Saved entries:
===============

instantiation cper :: real_normed_vector
begin
lift_definition norm_cper :: "cper \<Rightarrow> real" is norm .
lift_definition dist_cper :: "cper \<Rightarrow> cper \<Rightarrow> real" is dist .
definition sgn_cper :: "cper \<Rightarrow> cper" where "sgn_cper f = f /\<^sub>R norm f"
definition uniformity_cper :: "(cper \<times> cper) filter"
  where "uniformity_cper = (INF e\<in>{0 <..}. principal {(x, y). dist x y < e})"
definition open_cper :: "cper set \<Rightarrow> bool"
  where "open_cper S = (\<forall>x\<in>S. \<forall>\<^sub>F (x', y) in uniformity. x' = x \<longrightarrow> y \<in> S)"
instance
proof
  fix x y :: cper and a :: real
  show "dist x y = norm (x - y)" by transfer (simp add: dist_norm)
  show "norm (x + y) \<le> norm x + norm y" by transfer (simp add: norm_triangle_ineq)
  show "norm (a *\<^sub>R x) = \<bar>a\<bar> * norm x" by transfer simp
  show "(norm x = 0) = (x = 0)" by transfer simp
qed (simp_all add: sgn_cper_def uniformity_cper_def open_cper_def)
end

instance cper :: banach
proof
  fix f :: "nat \<Rightarrow> cper"
  assume c: "Cauchy f"
  have "Cauchy (\<lambda>n. Rep_cper (f n))"
    using c unfolding Cauchy_def by (simp add: dist_cper.rep_eq)
  then obtain l where l: "(\<lambda>n. Rep_cper (f n)) \<longlonglongrightarrow> l"
    using convergent_def complete_UNIV convergent_eq_Cauchy by blast
  have per: "\<forall>\<theta>. apply_bcontfun l (\<theta> + 2*pi) = apply_bcontfun l \<theta>"
  proof
    fix \<theta>
    have u: "uniform_limit UNIV (\<lambda>n. Rep_cper (f n)) l sequentially"
      by (rule tendsto_bcontfun_uniform_limit[OF l])
    have "(\<lambda>n. apply_bcontfun (Rep_cper (f n)) (\<theta> + 2*pi)) \<longlonglongrightarrow> l (\<theta> + 2*pi)"
      by (rule tendsto_uniform_limitI[OF u]) simp
    moreover have "(\<lambda>n. apply_bcontfun (Rep_cper (f n)) (\<theta> + 2*pi)) \<longlonglongrightarrow> l \<theta>"
      using Rep_cper[of "f _"] tendsto_uniform_limitI[OF u, of \<theta>] by simp
    ultimately show "apply_bcontfun l (\<theta> + 2*pi) = apply_bcontfun l \<theta>"
      using LIMSEQ_unique by blast
  qed
  have "f \<longlonglongrightarrow> Abs_cper l"
    unfolding tendsto_iff dist_cper.rep_eq using l per Abs_cper_inverse[of l]
    by (simp add: tendsto_iff)
  then show "convergent f" by (rule convergentI)
qed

===============

▸ **WORK ITEM**
Copy, please, exactly the lines that start at the first line of the data and end at the line containing "of \<theta>] by simp", both kept and no others.

▸ **FINAL ANSWER**
instantiation cper :: real_normed_vector
begin
lift_definition norm_cper :: "cper \<Rightarrow> real" is norm .
lift_definition dist_cper :: "cper \<Rightarrow> cper \<Rightarrow> real" is dist .
definition sgn_cper :: "cper \<Rightarrow> cper" where "sgn_cper f = f /\<^sub>R norm f"
definition uniformity_cper :: "(cper \<times> cper) filter"
  where "uniformity_cper = (INF e\<in>{0 <..}. principal {(x, y). dist x y < e})"
definition open_cper :: "cper set \<Rightarrow> bool"
  where "open_cper S = (\<forall>x\<in>S. \<forall>\<^sub>F (x', y) in uniformity. x' = x \<longrightarrow> y \<in> S)"
instance
proof
  fix x y :: cper and a :: real
  show "dist x y = norm (x - y)" by transfer (simp add: dist_norm)
  show "norm (x + y) \<le> norm x + norm y" by transfer (simp add: norm_triangle_ineq)
  show "norm (a *\<^sub>R x) = \<bar>a\<bar> * norm x" by transfer simp
  show "(norm x = 0) = (x = 0)" by transfer simp
qed (simp_all add: sgn_cper_def uniformity_cper_def open_cper_def)
end

instance cper :: banach
proof
  fix f :: "nat \<Rightarrow> cper"
  assume c: "Cauchy f"
  have "Cauchy (\<lambda>n. Rep_cper (f n))"
    using c unfolding Cauchy_def by (simp add: dist_cper.rep_eq)
  then obtain l where l: "(\<lambda>n. Rep_cper (f n)) \<longlonglongrightarrow> l"
    using convergent_def complete_UNIV convergent_eq_Cauchy by blast
  have per: "\<forall>\<theta>. apply_bcontfun l (\<theta> + 2*pi) = apply_bcontfun l \<theta>"
  proof
    fix \<theta>
    have u: "uniform_limit UNIV (\<lambda>n. Rep_cper (f n)) l sequentially"
      by (rule tendsto_bcontfun_uniform_limit[OF l])
    have "(\<lambda>n. apply_bcontfun (Rep_cper (f n)) (\<theta> + 2*pi)) \<longlonglongrightarrow> l (\<theta> + 2*pi)"
      by (rule tendsto_uniform_limitI[OF u]) simp
    moreover have "(\<lambda>n. apply_bcontfun (Rep_cper (f n)) (\<theta> + 2*pi)) \<longlonglongrightarrow> l \<theta>"
      using Rep_cper[of "f _"] tendsto_uniform_limitI[OF u, of \<theta>] by simp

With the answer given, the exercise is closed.